Reisezeit: März - Oktober 2013  |  von Dominik Paireder

Der Junge vom Bahnhofs-(Zoo)

Der Junge vom Bahnhofs-(Zoo)

Als ich das Taxi verließ und mich mit großen Schritten der Eingangshalle nähere, verbreitet sich ein Glücksgefühl in mir, dass ich obgleich all der ausgedachten Hindernisse und Missgeschicke, alleine "ok bis auf die Hilfe des Taxis" zum Bahnhof geschafft habe. Dieses kurz aufschäumende Gefühl wird jedoch raschesten beendet, als ich auf eine verschlossene Eingangstüre treffe. Nun konnte Sascha endlich beweisen welche Fähigkeiten alle in ihm stecken. Sascha so hieß mein Taxifahrer, mit dem ich ein Interessantes Gespräch auf der kurzen fahrt vom Flughafen zum Bahnhof hatte.
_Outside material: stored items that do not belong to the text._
(* In the setting described in the context, given $\epsilon>0$ there is an integer $N(\epsilon)>0$ such that for every $K^u_\alpha$ curve $\gamma$ in $Q$, $$\rho_\gamma\Big(\gamma\cap\bigcup_{i\ge N(\epsilon)}E_i\Big)<\epsilon.$$
   Context: Let $Q=[0,1]^2$. Fix $0<\alpha<1$, $K^u_\alpha=\{(v_1,v_2):|v_2|\le\alpha|v_1|\}$; a $K^u_\alpha$ curve is a $C^2$ curve with all tangent vectors in $K^u_\alpha$; $\rho_\gamma$ is Riemannian (arc length) measure on $\gamma$. Let $E_1,E_2,\dots$ be a countable collection of closed curvilinear rectangles in $Q$, each bounded above and below by subintervals of $\{y=1\}$, $\{y=0\}$ and on the left and right by graphs $x=x^{(i)}(y)$ of smooth functions with $|dx^{(i)}/dy|\le\alpha$. For $z\in Q$, $\ell_z$ is the horizontal line through $z$, $\delta_z(E)=\operatorname{diam}(\ell_z\cap E)$, $\delta_{i,\max}=\max_{z\in Q}\delta_z(E_i)$, $\delta_{i,\min}=\min_{z\in Q}\delta_z(E_i)$. Assume (G1) $\operatorname{int}E_i\cap\operatorname{int}E_j=\emptyset$ for $i\ne j$; (G2) $Q\setminus\bigcup_i\operatorname{int}E_i$ has Lebesgue measure $0$; (G3) $-\sum_i\delta_{i,\max}\log\delta_{i,\min}<\infty$. (In the paper these posts are the domains of $C^2$ diffeomorphisms $f_i$ satisfying further hyperbolicity and distortion conditions, which are not needed to state this result.) *)

theory Defs
  imports "HOL-Analysis.Analysis"
begin

definition unit_square :: "(real \<times> real) set" where
  "unit_square = {0..1} \<times> {0..1}"
text \<open>Conjugation by a permutation matrix preserves nonnegativity, the spectral radius and
  Frobenius distances, so it suffices to show that the block upper triangular \<open>X\<close> is a closest
  stable nonnegative matrix to \<open>B = P A P\<^sup>T\<close>. Every eigenvalue of \<open>X\<close> is an eigenvalue of a
  diagonal block, hence \<open>X\<close> is stable. Conversely, the diagonal blocks of a nonnegative stable
  \<open>Y\<close> are stable: if a block had an eigenvalue \<open>e\<close> with \<open>|e| > 1\<close> and eigenvector \<open>w\<close>, then
  \<open>Y\<close> would expand the nonnegative vector \<open>|w|\<close> by the factor \<open>|e|\<close>, forcing exponential
  growth of \<open>Y\<^sup>k\<close>, while \<open>\<rho>(Y) \<le> 1\<close> bounds its entries polynomially. As \<open>X\<close> agrees with \<open>B\<close>
  off the diagonal blocks,
  \<open>\<parallel>X - B\<parallel>\<^sup>2 = \<Sum>\<^sub>i \<parallel>X\<^sub>i\<^sub>i - B\<^sub>i\<^sub>i\<parallel>\<^sup>2 \<le> \<Sum>\<^sub>i \<parallel>Y\<^sub>i\<^sub>i - B\<^sub>i\<^sub>i\<parallel>\<^sup>2 \<le> \<parallel>Y - B\<parallel>\<^sup>2\<close>.\<close>

section \<open>Nonnegative matrices and the spectral radius\<close>

lemma index_mult_mat_vec_sum:
  fixes M :: "'a::comm_ring_1 mat"
  assumes "M \<in> carrier_mat n d" "v \<in> carrier_vec d" "i < n"
  shows "(M *\<^sub>v v) $ i = (\<Sum>j<d. M $$ (i,j) * v $ j)"
  using assms by (auto simp: scalar_prod_def atLeast0LessThan)

lemma nonneg_matD:
  "nonneg_mat X \<Longrightarrow> X \<in> carrier_mat r c \<Longrightarrow> i < r \<Longrightarrow> j < c \<Longrightarrow> 0 \<le> X $$ (i,j)"
  unfolding nonneg_mat_def by auto

lemma nonneg_mat_mult:
  assumes "nonneg_mat A" "nonneg_mat B" "dim_col A = dim_row B"
  shows "nonneg_mat (A * B)"
  using assms unfolding nonneg_mat_def by (auto simp: scalar_prod_def intro!: sum_nonneg)

lemma nonneg_mat_pow:
  assumes "A \<in> carrier_mat n n" "nonneg_mat A"
  shows "nonneg_mat (A ^\<^sub>m k)"
proof (induction k)
  case 0
  then show ?case using assms(1) by (auto simp: nonneg_mat_def)
next
  case (Suc k)
  then show ?case using assms by (simp add: nonneg_mat_mult)
qed

lemma stable_iff_eigenvalues:
  assumes X: "X \<in> carrier_mat n n" and n: "0 < n"
  shows "stable X \<longleftrightarrow> (\<forall>l. eigenvalue (map_mat complex_of_real X) l \<longrightarrow> cmod l \<le> 1)"
proof -
  have Xc: "map_mat complex_of_real X \<in> carrier_mat n n" using X by simp
  show ?thesis
    using spectral_radius_mem_max[OF Xc n]
    unfolding stable_def rho_def spectrum_def by force
qed

lemma stable_pow_entry_bound:
  assumes Y: "Y \<in> carrier_mat d d" and "stable Y"
  obtains c1 c2 where
    "\<And>k i j. i < d \<Longrightarrow> j < d \<Longrightarrow> \<bar>(Y ^\<^sub>m k) $$ (i,j)\<bar> \<le> c1 + c2 * real k ^ (d - 1)"
proof -
  let ?Yc = "map_mat complex_of_real Y"
  have "?Yc \<in> carrier_mat d d" "spectral_radius ?Yc \<le> 1"
    using Y \<open>stable Y\<close> unfolding stable_def rho_def by auto
  from spectral_radius_jnf_norm_bound_le_1_upper_triangular[OF this]
  obtain c1 c2 where bound: "\<And>k. norm_bound (?Yc ^\<^sub>m k) (c1 + c2 * real k ^ (d - 1))" by auto
  have "?Yc ^\<^sub>m k = map_mat complex_of_real (Y ^\<^sub>m k)" for k
    using of_real_hom.mat_hom_pow[OF Y] by metis
  with bound Y have "\<bar>(Y ^\<^sub>m k) $$ (i,j)\<bar> \<le> c1 + c2 * real k ^ (d - 1)" if "i < d" "j < d" for k i j
    using that unfolding norm_bound_def
    by (metis (no_types) carrier_matD(1,2) index_map_mat norm_of_real pow_carrier_mat)
  then show ?thesis using that by blast
qed

lemma nonneg_expanding_vector_pow:
  assumes Y: "Y \<in> carrier_mat d d" "nonneg_mat Y" and z: "z \<in> carrier_vec d"
    and r: "0 \<le> r" and expand: "\<forall>i<d. r * z $ i \<le> (Y *\<^sub>v z) $ i"
  shows "\<forall>i<d. r ^ k * z $ i \<le> (Y ^\<^sub>m k *\<^sub>v z) $ i"
proof (induction k)
  case 0
  then show ?case using Y z by auto
next
  case (Suc k)
  have Yk: "Y ^\<^sub>m k \<in> carrier_mat d d" using Y by simp
  have Yk_nonneg: "0 \<le> (Y ^\<^sub>m k) $$ (i,j)" if "i < d" "j < d" for i j
    using nonneg_matD[OF nonneg_mat_pow[OF Y] Yk that] .
  show ?case
  proof (intro allI impI)
    fix i assume i: "i < d"
    have "r ^ Suc k * z $ i \<le> r * (Y ^\<^sub>m k *\<^sub>v z) $ i"
      using Suc i r by (simp add: mult_left_mono mult.assoc)
    also have "\<dots> = (\<Sum>j<d. (Y ^\<^sub>m k) $$ (i,j) * (r * z $ j))"
      by (simp add: index_mult_mat_vec_sum[OF Yk z i] sum_distrib_left algebra_simps)
    also have "\<dots> \<le> (\<Sum>j<d. (Y ^\<^sub>m k) $$ (i,j) * (Y *\<^sub>v z) $ j)"
      using expand Yk_nonneg i by (intro sum_mono mult_left_mono) auto
    also have "\<dots> = (Y ^\<^sub>m k *\<^sub>v (Y *\<^sub>v z)) $ i"
      using Y z by (simp add: index_mult_mat_vec_sum[OF Yk _ i])
    also have "\<dots> = (Y ^\<^sub>m Suc k *\<^sub>v z) $ i"
      using assoc_mult_mat_vec[OF Yk Y(1) z] by simp
    finally show "r ^ Suc k * z $ i \<le> (Y ^\<^sub>m Suc k *\<^sub>v z) $ i" .
  qed
qed

lemma nonneg_expanding_vector_not_stable:
  assumes Y: "Y \<in> carrier_mat d d" "nonneg_mat Y"
    and z: "z \<in> carrier_vec d" "\<forall>i<d. 0 \<le> z $ i" and a: "a < d" "0 < z $ a"
    and r: "1 < r" and expand: "\<forall>i<d. r * z $ i \<le> (Y *\<^sub>v z) $ i"
  shows "\<not> stable Y"
proof
  assume "stable Y"
  then obtain c1 c2 where bound:
    "\<And>k i j. i < d \<Longrightarrow> j < d \<Longrightarrow> \<bar>(Y ^\<^sub>m k) $$ (i,j)\<bar> \<le> c1 + c2 * real k ^ (d - 1)"
    using stable_pow_entry_bound[OF Y(1)] by blast
  define S where "S = (\<Sum>j<d. z $ j)"
  have "z $ a \<le> S" unfolding S_def using a z by (intro member_le_sum) auto
  then have S: "0 < S" using a by auto
  have growth: "r ^ k * z $ a \<le> (c1 + c2 * real k ^ (d - 1)) * S" for k
  proof -
    have Yk: "Y ^\<^sub>m k \<in> carrier_mat d d" using Y by simp
    have "r ^ k * z $ a \<le> (Y ^\<^sub>m k *\<^sub>v z) $ a"
      using nonneg_expanding_vector_pow[OF Y z(1) _ expand, of k] r a by auto
    also have "\<dots> = (\<Sum>j<d. (Y ^\<^sub>m k) $$ (a,j) * z $ j)"
      by (rule index_mult_mat_vec_sum[OF Yk z(1) a(1)])
    also have "\<dots> \<le> (\<Sum>j<d. (c1 + c2 * real k ^ (d - 1)) * z $ j)"
      using bound a z by (intro sum_mono mult_right_mono) (auto simp: abs_le_iff)
    finally show ?thesis unfolding S_def by (simp add: sum_distrib_left)
  qed
  \<comment> \<open>The entries of \<open>Y ^ k\<close> grow polynomially in \<open>k\<close>, but \<open>Y ^ k z\<close> grows like \<open>r ^ k\<close>.\<close>
  have "(\<lambda>k. (c1 + c2 * real k ^ (d - 1)) / r ^ k) \<longlonglongrightarrow> 0"
    using r by real_asymp
  from order_tendstoD(2)[OF this, of "z $ a / S"] S a obtain k
    where "(c1 + c2 * real k ^ (d - 1)) / r ^ k < z $ a / S"
    by (auto simp: eventually_sequentially)
  with growth[of k] S r show False by (simp add: field_simps)
qed

definition block_partition :: "(nat \<Rightarrow> nat) \<Rightarrow> nat \<Rightarrow> nat \<Rightarrow> bool" where
  "block_partition n m d \<longleftrightarrow> n 0 = 0 \<and> n m = d \<and> (\<forall>k<m. n k < n (Suc k))"
(* Let $\mathcal{D}$ be a finite nonempty set of disks in the plane with positive radii, and let $\delta^*$ be the minimum value $\delta\ge0$ for which there exist two points $p_1,p_2\in\mathbb{R}^2$ with $D(\delta)\cap\{p_1,p_2\}\neq\emptyset$ for every $D\in\mathcal{D}$. Let $p_1,p_2$ be two points with $D(\delta^* )\cap\{p_1,p_2\}\neq\emptyset$ for every $D\in\mathcal{D}$. Then $\delta^*=0$, or one of $p_1,p_2$ is a common boundary point of three $\delta^*$-inflated disks $D(\delta^* )$, $D\in\mathcal{D}$, or one of $p_1,p_2$ is a tangent point of two $\delta^*$-inflated disks.
   Context: For a disk $D$ with center $c(D)$ and radius $r(D)$ and a real $\delta\ge0$, the $\delta$-inflated disk $D(\delta)$ is the closed disk with center $c(D)$ and radius $r(D)+\delta$. A tangent point of two disks is a point where their boundary circles touch (the disks intersect in exactly that point). The paper assumes throughout that no disk of $\mathcal{D}$ contains another disk of $\mathcal{D}$. *)

theory Defs
  imports "HOL-Analysis.Analysis"
begin

text \<open>A disk in the plane is represented by the pair (center, radius).\<close>
type_synonym disk = "(real^2) \<times> real"

definition center :: "disk \<Rightarrow> real^2" where "center D = fst D"
definition radius :: "disk \<Rightarrow> real" where "radius D = snd D"

definition disk_set :: "disk \<Rightarrow> (real^2) set" where
  "disk_set D = cball (center D) (radius D)"

definition inflated :: "disk \<Rightarrow> real \<Rightarrow> (real^2) set" where
  "inflated D \<delta> = cball (center D) (radius D + \<delta>)"

definition inflated_circle :: "disk \<Rightarrow> real \<Rightarrow> (real^2) set" where
  "inflated_circle D \<delta> = sphere (center D) (radius D + \<delta>)"

definition stabs :: "disk set \<Rightarrow> real \<Rightarrow> real^2 \<Rightarrow> real^2 \<Rightarrow> bool" where
  "stabs \<D> \<delta> p1 p2 \<longleftrightarrow> (\<forall>D\<in>\<D>. inflated D \<delta> \<inter> {p1, p2} \<noteq> {})"

definition tangent_point :: "(real^2) set \<Rightarrow> (real^2) set \<Rightarrow> real^2 \<Rightarrow> bool" where
  "tangent_point A B p \<longleftrightarrow> A \<inter> B = {p}"

end

theory Submission
  imports Defs
begin

text \<open>Suppose \<open>\<delta>* > 0\<close> and neither \<open>p\<^sub>1\<close> nor \<open>p\<^sub>2\<close> is a common boundary point of three
inflated disks or a tangent point of two. Then at most two inflated disks through \<open>p\<^sub>i\<close> have
\<open>p\<^sub>i\<close> on their boundary, and these share some second point \<open>q \<noteq> p\<^sub>i\<close>. Moving from \<open>p\<^sub>i\<close>
a little towards \<open>q\<close> enters the interior of these disks by strict convexity of balls, and stays
inside the other disks containing \<open>p\<^sub>i\<close>, whose interiors are open. The two points so obtained lie
in the interior of every inflated disk, and since the family is finite they still stab a
slightly smaller inflation, contradicting the minimality of \<open>\<delta>*\<close>.\<close>

lemma exists_point_in_balls_towards:
  fixes c :: "'i \<Rightarrow> 'a::euclidean_space" and r :: "'i \<Rightarrow> real"
  assumes "finite I"
    and p_in: "\<forall>i\<in>I. p \<in> cball (c i) (r i)"
    and "q \<noteq> p"
    and q_in: "\<forall>i\<in>I. p \<in> sphere (c i) (r i) \<longrightarrow> q \<in> cball (c i) (r i)"
  shows "\<exists>x. \<forall>i\<in>I. x \<in> ball (c i) (r i)"
proof -
  define x where "x t = (1 - t) *\<^sub>R p + t *\<^sub>R q" for t
  have "\<forall>\<^sub>F t in at_right 0. x t \<in> ball (c i) (r i)" if i: "i \<in> I" for i
  proof (cases "p \<in> sphere (c i) (r i)")
    case True
    have "x t \<in> ball (c i) (r i)" if "t \<in> {0<..<1}" for t
    proof -
      have "x t \<in> open_segment p q"
        using that \<open>q \<noteq> p\<close> by (auto simp: in_segment x_def)
      then have "dist (c i) (x t) < dist (c i) p \<or> dist (c i) (x t) < dist (c i) q"
        by (rule dist_decreases_open_segment)
      then show ?thesis
        using True q_in i by auto
    qed
    then show ?thesis
      using eventually_at_right_real[of 0 1] by (auto elim: eventually_mono)
  next
    case False
    then have "dist (c i) p < r i"
      using p_in i by auto
    moreover have "((\<lambda>t. dist (c i) (x t)) \<longlongrightarrow> dist (c i) p) (at_right 0)"
      unfolding x_def by (auto intro!: tendsto_eq_intros)
    ultimately show ?thesis
      by (auto dest: order_tendstoD(2))
  qed
  then have "\<forall>\<^sub>F t in at_right 0. \<forall>i\<in>I. x t \<in> ball (c i) (r i)"
    using \<open>finite I\<close> by (simp add: eventually_ball_finite)
  then show ?thesis
    using trivial_limit_at_right_real by (blast dest: eventually_happens)
qed

lemma exists_interior_point_of_inflated_disks:
  fixes \<D> :: "disk set" and \<delta> :: real and p :: "real^2"
  assumes "finite \<D>"
    and pos: "\<forall>D\<in>\<D>. radius D + \<delta> > 0"
    and no_triple: "\<not> (\<exists>D1\<in>\<D>. \<exists>D2\<in>\<D>. \<exists>D3\<in>\<D>.
          D1 \<noteq> D2 \<and> D1 \<noteq> D3 \<and> D2 \<noteq> D3 \<and>
          p \<in> inflated_circle D1 \<delta> \<and> p \<in> inflated_circle D2 \<delta> \<and> p \<in> inflated_circle D3 \<delta>)"
    and no_tangent: "\<not> (\<exists>D1\<in>\<D>. \<exists>D2\<in>\<D>. D1 \<noteq> D2 \<and> tangent_point (inflated D1 \<delta>) (inflated D2 \<delta>) p)"
  shows "\<exists>q. \<forall>D\<in>\<D>. p \<in> inflated D \<delta> \<longrightarrow> q \<in> ball (center D) (radius D + \<delta>)"
proof -
  define A where "A = {D\<in>\<D>. p \<in> inflated_circle D \<delta>}"
  have circle_in: "p \<in> inflated D \<delta>" if "D \<in> A" for D
    using that by (simp add: A_def inflated_def inflated_circle_def)
  \<comment> \<open>\<open>q\<close> is any other point, the centre, or the second common point, according as
      zero, one or two inflated circles pass through \<open>p\<close>.\<close>
  obtain q where "q \<noteq> p" and q_in: "\<forall>D\<in>A. q \<in> inflated D \<delta>"
  proof (cases "A = {}")
    case True
    have "p + axis 1 1 \<noteq> p"
      by (simp add: axis_eq_0_iff)
    with True that show ?thesis by blast
  next
    case False
    then obtain D1 where D1: "D1 \<in> A" by blast
    show ?thesis
    proof (cases "A = {D1}")
      case True
      have "center D1 \<noteq> p" "center D1 \<in> inflated D1 \<delta>"
        using D1 pos by (auto simp: A_def inflated_def inflated_circle_def)
      with True that show ?thesis by blast
    next
      case False
      then obtain D2 where D2: "D2 \<in> A" "D2 \<noteq> D1"
        using D1 by blast
      have "A = {D1, D2}"
        using no_triple D1 D2 by (auto simp: A_def)
      moreover have "p \<in> inflated D1 \<delta> \<inter> inflated D2 \<delta>"
        using D1 D2 circle_in by blast
      moreover have "\<not> tangent_point (inflated D1 \<delta>) (inflated D2 \<delta>) p"
        using no_tangent D1 D2 by (auto simp: A_def)
      ultimately show ?thesis
        using that unfolding tangent_point_def by blast
    qed
  qed
  have "\<exists>x. \<forall>D\<in>{D\<in>\<D>. p \<in> inflated D \<delta>}. x \<in> ball (center D) (radius D + \<delta>)"
  proof (rule exists_point_in_balls_towards[where c = center and r = "\<lambda>D. radius D + \<delta>"])
    show "\<forall>D\<in>{D\<in>\<D>. p \<in> inflated D \<delta>}. p \<in> cball (center D) (radius D + \<delta>)"
      by (simp add: inflated_def)
    show "\<forall>D\<in>{D\<in>\<D>. p \<in> inflated D \<delta>}.
        p \<in> sphere (center D) (radius D + \<delta>) \<longrightarrow> q \<in> cball (center D) (radius D + \<delta>)"
      using q_in unfolding A_def inflated_def inflated_circle_def by blast
  qed (use \<open>finite \<D>\<close> \<open>q \<noteq> p\<close> in auto)
  then show ?thesis
    by blast
qed

lemma stabs_smaller_inflation:
  fixes \<D> :: "disk set" and \<delta> :: real and q1 q2 :: "real^2"
  assumes "finite \<D>" "\<delta> > 0"
    and interior: "\<forall>D\<in>\<D>. q1 \<in> ball (center D) (radius D + \<delta>) \<or> q2 \<in> ball (center D) (radius D + \<delta>)"
  shows "\<exists>\<delta>'. 0 \<le> \<delta>' \<and> \<delta>' < \<delta> \<and> stabs \<D> \<delta>' q1 q2"
proof -
  have "\<forall>\<^sub>F \<delta>' in at_left \<delta>. \<forall>D\<in>\<D>. inflated D \<delta>' \<inter> {q1, q2} \<noteq> {}"
  proof (rule eventually_ball_finite[OF \<open>finite \<D>\<close>], rule ballI)
    fix D assume "D \<in> \<D>"
    then obtain q where "q \<in> {q1, q2}" "q \<in> ball (center D) (radius D + \<delta>)"
      using interior by blast
    then have "dist (center D) q - radius D < \<delta>"
      by simp
    then have "\<forall>\<^sub>F \<delta>' in at_left \<delta>. q \<in> inflated D \<delta>'"
      using order_tendstoD(1)[OF tendsto_ident_at]
      by (fastforce simp: inflated_def elim: eventually_mono)
    then show "\<forall>\<^sub>F \<delta>' in at_left \<delta>. inflated D \<delta>' \<inter> {q1, q2} \<noteq> {}"
      using \<open>q \<in> {q1, q2}\<close> by (auto elim: eventually_mono)
  qed
  then have "\<forall>\<^sub>F \<delta>' in at_left \<delta>. 0 \<le> \<delta>' \<and> \<delta>' < \<delta> \<and> stabs \<D> \<delta>' q1 q2"
    using eventually_at_left_real[OF \<open>\<delta> > 0\<close>]
    by eventually_elim (auto simp: stabs_def)
  then show ?thesis
    using trivial_limit_at_left_real by (blast dest: eventually_happens)
qed

theorem lemma2:
  fixes \<D> :: "disk set" and \<delta>s :: real and p1 p2 :: "real^2"
  assumes fin: "finite \<D>" and ne: "\<D> \<noteq> {}"
    and pos: "\<forall>D\<in>\<D>. radius D > 0"
    and no_contain: "\<forall>D\<in>\<D>. \<forall>D'\<in>\<D>. D \<noteq> D' \<longrightarrow> \<not> (disk_set D \<subseteq> disk_set D')"
    and min_feas: "\<delta>s \<ge> 0" "\<exists>q1 q2. stabs \<D> \<delta>s q1 q2"
    and min_least: "\<forall>\<delta>\<ge>0. (\<exists>q1 q2. stabs \<D> \<delta> q1 q2) \<longrightarrow> \<delta>s \<le> \<delta>"
    and p_stab: "stabs \<D> \<delta>s p1 p2"
  shows "\<delta>s = 0
    \<or> (\<exists>p\<in>{p1, p2}. \<exists>D1\<in>\<D>. \<exists>D2\<in>\<D>. \<exists>D3\<in>\<D>.
          D1 \<noteq> D2 \<and> D1 \<noteq> D3 \<and> D2 \<noteq> D3 \<and>
          p \<in> inflated_circle D1 \<delta>s \<and> p \<in> inflated_circle D2 \<delta>s \<and> p \<in> inflated_circle D3 \<delta>s)
    \<or> (\<exists>p\<in>{p1, p2}. \<exists>D1\<in>\<D>. \<exists>D2\<in>\<D>.
          D1 \<noteq> D2 \<and> tangent_point (inflated D1 \<delta>s) (inflated D2 \<delta>s) p)"
proof (rule ccontr)
  assume "\<not> ?thesis" (is "\<not> (_ \<or> ?triple \<or> ?tangent)")
  then have "\<delta>s \<noteq> 0" and triple_free: "\<not> ?triple" and tangent_free: "\<not> ?tangent"
    by (simp_all only: de_Morgan_disj not_False_eq_True)
  with min_feas(1) have "\<delta>s > 0"
    by simp
  have interior_point: "\<exists>q. \<forall>D\<in>\<D>. p \<in> inflated D \<delta>s \<longrightarrow> q \<in> ball (center D) (radius D + \<delta>s)"
    if "p \<in> {p1, p2}" for p
  proof (rule exists_interior_point_of_inflated_disks[OF fin])
    show "\<forall>D\<in>\<D>. radius D + \<delta>s > 0"
      using pos \<open>\<delta>s > 0\<close> by (simp add: add_pos_pos)
  qed (use that triple_free tangent_free in blast)+
  obtain q1 where q1: "\<forall>D\<in>\<D>. p1 \<in> inflated D \<delta>s \<longrightarrow> q1 \<in> ball (center D) (radius D + \<delta>s)"
    using interior_point[of p1] by blast
  obtain q2 where q2: "\<forall>D\<in>\<D>. p2 \<in> inflated D \<delta>s \<longrightarrow> q2 \<in> ball (center D) (radius D + \<delta>s)"
    using interior_point[of p2] by blast
  have "\<forall>D\<in>\<D>. q1 \<in> ball (center D) (radius D + \<delta>s) \<or> q2 \<in> ball (center D) (radius D + \<delta>s)"
    using p_stab q1 q2 unfolding stabs_def by blast
  then obtain \<delta>' where "0 \<le> \<delta>'" "\<delta>' < \<delta>s" "stabs \<D> \<delta>' q1 q2"
    using stabs_smaller_inflation[OF fin \<open>\<delta>s > 0\<close>] by blast
  with min_least show False
    by fastforce
qed

end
Ich weiß nicht ob der Grund jener war, dass ich Österreicher war, oder das ich über die Organisation der Caritas als freiwilliger Helfer in Armenien bin, jedoch versuchte er sofort in seinem sagen wir Akzent-reichen Deutsch erklären, dass er sofort mit nach Österreich oder Deutschland kommen will und er so gerne dort arbeiten würde. Weiters lasst euch allen sagen, egal wie nett jemand ist, gebt niemals einen Armenier der ein wenig Deutsch kann eure Telefonnummer, sonnst werdet Ihr im laufe der nächsten Tage und Wochen vorwurfsvolle SMS erhalten, wieso man keine Zeit für seinen Armenischen "BESTEN"-Freund hat. Also nun konnte Sascha beweisen was in ihm steckt, und wahrhaftig konnte er es erreichen, dass mir schon nach wenigen Minuten die Türe geöffnet wurde. Nun nach dem ersten Anruf mit meiner Prinzessin in der Heimat, sowie einem naja sagen wir einmal etwas dürftigen Abenteuer eines Loches im Untergrund eines Marktes, das wie es aussieht wirklich als Toilette genutzt wird, und noch dazu eine Klo- Dame danach Geld verlangt, ging es endlich los mit dem Zug in meine mehr-monatliche Destination: GJUMRI.

der VERSPERRTE BAHNHOF!!!

der VERSPERRTE BAHNHOF!!!

DIE UNION LÄSST GRÜSSEN!!

DIE UNION LÄSST GRÜSSEN!!

nachdem sie mich tausende male fotografiert haben, habe ich zurück geschlagen .......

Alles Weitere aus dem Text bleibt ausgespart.